Abramowitz writes. “She’s a cash machine.” Apparently, cash machines are
big with the girls of today: “She professes not to care how others see her,
and therein lies her appeal as a Generation X icon: she has no seeming
allegiances to anything greater than the spirit of Jenny.”
Well, more power to her. But the New York Times should know better than
to attempt to wrap this sub-People fare in a “feminist” package.
Ironically, though the editors purport to be reporting on those idolized by
the culture, the heroines that many girls really doworship 
women from singer Ani Difranco to rapper-turned-actress Queen Latifah 
don’t get a mention. Musicians, of course, are the ultimate icons to the
young, but the only rock star profiled in the magazine is Tina Turner. Instead of Patti Smith, we get Patsy Kline.
The contributors tend to justify their selections with vapid aphorisms.
“What is the difference between a literary icon and an ordinary writer?”
Cynthia Ozick plaintively asks. “The writer is sometimes read, the icon
almost never.” Is this really true? What about the male writer-icons, from
James Joyce to Jack Kerouac, whose works are devoured by their disciples?
Never mind. Women are about image, not substance.
Some of the Times’ contributors are openly hostile to their subjects
 and to those who appreciate them. Dan Hofstadter’s profile of Frida
Kahlo is more insulting than informative. “Kahlo’s worldwide constituency
is composed not only of Mexicans and other Latinos but also of art
students, leftists, feminists, the genuinely ill, the merely miserable,”

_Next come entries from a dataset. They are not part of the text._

(* Let $q=p^m$ be a prime power with $p$ prime, let $3\le h\le k$ be integers, and $$D_3=\Bigl\{(x_1,\ldots,x_k)\in\mathbb{F}_q^k\setminus\{0\}:\prod_{i=1}^h x_i\prod_{1\le i<j\le h}(x_i+x_j)=0\Bigr\}.$$ Let $$\Gamma(h,q)=\sum_{s=1}^{\min(h,(q-1)/2)}\frac{(q-1)(q-3)\cdots(q-2s+1)}{s!}\,\mathcal{S}(h,s),$$ where $\mathcal{S}(x,y)$ is the number of surjective functions from a set of size $x$ onto a set of size $y\le x$. Then the length $\#D_3$ of the code $\mathrm{C}_{D_3}$ equals $q^{k-h}\bigl(q^h-(q-1)(q-2)\cdots(q-h)\bigr)-1$ if $p=2$ and $h\le q+1$; $q^k-1$ if $p=2$ and $h>q+1$; and $q^{k-h}\bigl(q^h-\Gamma(h,q)\bigr)-1$ if $p>2$.
   Context: For a finite set $D=\{P_1,\ldots,P_n\}\subseteq\mathbb{F}_q^k$, $\mathrm{C}_D=\{(f(P_1),\ldots,f(P_n)):f:\mathbb{F}_q^k\to\mathbb{F}_q\text{ linear}\}$, a code of length $n=\#D$. *)

theory Defs
  imports Complex_Main "HOL-Library.FuncSet" "HOL-Library.Cardinality" "HOL-Computational_Algebra.Primes"
begin

text \<open>Vectors of \<open>F_q^k\<close>: functions \<open>nat \<Rightarrow> 'a\<close> with coordinates \<open>x 0, ..., x (k-1)\<close>
  and zero outside \<open>{0..<k}\<close>.\<close>
definition vecs :: "nat \<Rightarrow> (nat \<Rightarrow> 'a::zero) set" where
  "vecs k = {x. \<forall>i. k \<le> i \<longrightarrow> x i = 0}"

text \<open>The defining set \<open>D_3\<close> (coordinates \<open>x_1..x_h\<close> are \<open>x 0 .. x (h-1)\<close>).\<close>
definition D3 :: "nat \<Rightarrow> nat \<Rightarrow> (nat \<Rightarrow> 'a::field) set" where
  "D3 h k = {x \<in> vecs k. x \<noteq> (\<lambda>_. 0) \<and>
      (\<Prod>i<h. x i) * (\<Prod>i<h. \<Prod>j\<in>{i<..<h}. x i + x j) = 0}"

definition surj_count :: "nat \<Rightarrow> nat \<Rightarrow> nat" where
  "surj_count x y = card {f \<in> {0..<x} \<rightarrow>\<^sub>E {0..<y}. f ` {0..<x} = {0..<y}}"

definition Gamma_hq :: "nat \<Rightarrow> nat \<Rightarrow> rat" where
  "Gamma_hq h q = (\<Sum>s = 1..min h ((q - 1) div 2).
      (\<Prod>j = 1..s. (of_nat q - 2 * of_nat j + 1)) / of_nat (fact s) * of_nat (surj_count h s))"

end

(* A nonzero vector lies outside D3 iff its first h coordinates are nonzero and have pairwise
   nonzero sums x_i + x_j (i \<noteq> j).  The other k - h coordinates are free, so
   #D3 = q^k - 1 - q^(k-h) N, where N counts such h-tuples.

   In characteristic 2, x_i + x_j = 0 iff x_i = x_j, so N counts the injective h-tuples in F_q^*:
   N = (q-1)(q-2)...(q-h), which vanishes for h \<ge> q.

   In odd characteristic, with q = 2M + 1, a tuple is admissible iff its set of values is a subset
   of F_q^* containing no pair {a, -a}.  There are (M choose s) 2^s such sets of size s (choose s of
   the M pairs, then one element of each), each the value set of S(h,s) tuples; since
   (q-1)(q-3)...(q-2s+1)/s! = 2^s (M choose s), this gives N = Gamma(h,q). *)

theory Submission
  imports Defs "HOL-Number_Theory.Residues"
begin

lemma CHAR_eq_prime_of_card_eq_power:
  assumes "prime p" and "CARD('a::{finite,field}) = p ^ m"
  shows "CHAR('a) = p"
proof -
  have "prime CHAR('a)"
    by (simp add: finite_imp_CHAR_pos prime_CHAR_semidom)
  moreover have "CHAR('a) dvd p ^ m"
    using CHAR_dvd_CARD[where 'a = 'a] assms(2) by simp
  ultimately show ?thesis
    using assms(1) by (meson prime_dvd_power primes_dvd_imp_eq)
qed

lemma add_eq_0_iff_eq_CHAR_2:
  assumes "CHAR('a::ring_1) = 2"
  shows "x + y = (0::'a) \<longleftrightarrow> x = y"
  using uminus_CHAR_2[OF assms, of x] by (auto simp: add_eq_0_iff)

lemma uminus_neq_self_CHAR_not_2:
  assumes "CHAR('a::idom) \<noteq> 2" and "x \<noteq> (0::'a)"
  shows "- x \<noteq> x"
proof
  assume "- x = x"
  then have "(of_nat 2 :: 'a) = 0"
    using assms(2) by (simp add: add_eq_0_iff2 flip: mult_2)
  then have "CHAR('a) dvd 2"
    by (simp only: of_nat_eq_0_iff_char_dvd)
  moreover have "CHAR('a) \<noteq> 1"
    by simp
  ultimately show False
    using assms(1) two_is_prime_nat unfolding prime_nat_iff by blast
qed

section \<open>The complement of D3\<close>

lemma card_vecs_prefix:
  fixes P :: "(nat \<Rightarrow> 'a::{finite,zero}) \<Rightarrow> bool"
  assumes "h \<le> k"
  shows "card {x \<in> (vecs k :: (nat \<Rightarrow> 'a) set). P (restrict x {0..<h})} =
         card {f \<in> {0..<h} \<rightarrow>\<^sub>E (UNIV::'a set). P f} * CARD('a) ^ (k - h)"
proof -
  let ?glue = "\<lambda>(f, g) i. if i < h then f i else if i < k then g i else (0::'a)"
  have glue_restrict: "restrict (?glue (f, g)) {0..<h} = f" if "f \<in> {0..<h} \<rightarrow>\<^sub>E UNIV" for f g
    using that by (auto simp: fun_eq_iff PiE_iff extensional_def)
  have "bij_betw (\<lambda>x. (restrict x {0..<h}, restrict x {h..<k}))
      {x \<in> vecs k. P (restrict x {0..<h})}
      ({f \<in> {0..<h} \<rightarrow>\<^sub>E UNIV. P f} \<times> ({h..<k} \<rightarrow>\<^sub>E UNIV))"
  proof (rule bij_betw_byWitness[where f' = ?glue])
    show "\<forall>x\<in>{x \<in> vecs k. P (restrict x {0..<h})}. ?glue (restrict x {0..<h}, restrict x {h..<k}) = x"
      by (auto simp: vecs_def fun_eq_iff)
    show "\<forall>y\<in>{f \<in> {0..<h} \<rightarrow>\<^sub>E UNIV. P f} \<times> ({h..<k} \<rightarrow>\<^sub>E UNIV).
        (\<lambda>x. (restrict x {0..<h}, restrict x {h..<k})) (?glue y) = y"
      using assms by (auto simp: fun_eq_iff PiE_def extensional_def)
    show "?glue ` ({f \<in> {0..<h} \<rightarrow>\<^sub>E UNIV. P f} \<times> ({h..<k} \<rightarrow>\<^sub>E UNIV))
        \<subseteq> {x \<in> vecs k. P (restrict x {0..<h})}"
      using glue_restrict assms by (force simp: vecs_def)
  qed auto
  then have "card {x \<in> vecs k. P (restrict x {0..<h})} =
      card ({f \<in> {0..<h} \<rightarrow>\<^sub>E UNIV. P f} \<times> ({h..<k} \<rightarrow>\<^sub>E (UNIV::'a set)))"
    by (rule bij_betw_same_card)
  then show ?thesis
    by (simp add: card_cartesian_product card_funcsetE)
qed

lemma card_vecs: "card (vecs k :: (nat \<Rightarrow> 'a::{finite,zero}) set) = CARD('a) ^ k"
  using card_vecs_prefix[of 0 k "\<lambda>_. True"] by simp

definition pair_sum_free :: "nat \<Rightarrow> (nat \<Rightarrow> 'a::{zero,plus}) \<Rightarrow> bool" where
  "pair_sum_free h x \<longleftrightarrow> (\<forall>i<h. x i \<noteq> 0) \<and> (\<forall>i<h. \<forall>j<h. i \<noteq> j \<longrightarrow> x i + x j \<noteq> 0)"

lemma prod_pair_sums_neq_0_iff:
  "(\<Prod>i<h. x i) * (\<Prod>i<h. \<Prod>j\<in>{i<..<h}. x i + x j) \<noteq> (0::'a::idom) \<longleftrightarrow> pair_sum_free h x"
proof -
  have "(\<forall>i<h. \<forall>j. i < j \<and> j < h \<longrightarrow> x i + x j \<noteq> 0) \<longleftrightarrow>
      (\<forall>i<h. \<forall>j<h. i \<noteq> j \<longrightarrow> x i + x j \<noteq> 0)"
  proof (intro iffI allI impI)
    fix i j
    assume ordered: "\<forall>i<h. \<forall>j. i < j \<and> j < h \<longrightarrow> x i + x j \<noteq> 0"
      and "i < h" "j < h" "i \<noteq> j"
    then show "x i + x j \<noteq> 0"
      using ordered[rule_format, of i j] ordered[rule_format, of j i]
      by (cases "i < j") (auto simp: add.commute)
  qed auto
  then show ?thesis
    by (auto simp: pair_sum_free_def prod_zero_iff)
qed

Hofstadter glibly opines  transforming Kahlo from an icon of
artistic suffering into one of mediocre degeneracy.
Old movie stars (from Audrey Hepburn to Mae West), get a little more
respect  as does Margaret Thatcher. Indeed, after reading Brenda
Maddox’s profile of the Iron Lady, someone who had never seen a picture of
Thatcher might come to believe that she was some sort of British Evita.
Maddox quotes Francois Mitterrand: “Ms. Thatcher has the eyes of Caligula
and the mouth of Marilyn Monroe.”
To whom is this bland smorgasbord of possibilities supposed to appeal?
As Brubach explains, “Kate Axelrod, the 11-year old on our cover, stands
not only for the girls of her generation, whose identities are in the
formative stages, but for women of all ages, who tend to regard themselves
as works in progress.”
Apparently, then, the “icon” for womankind is a child.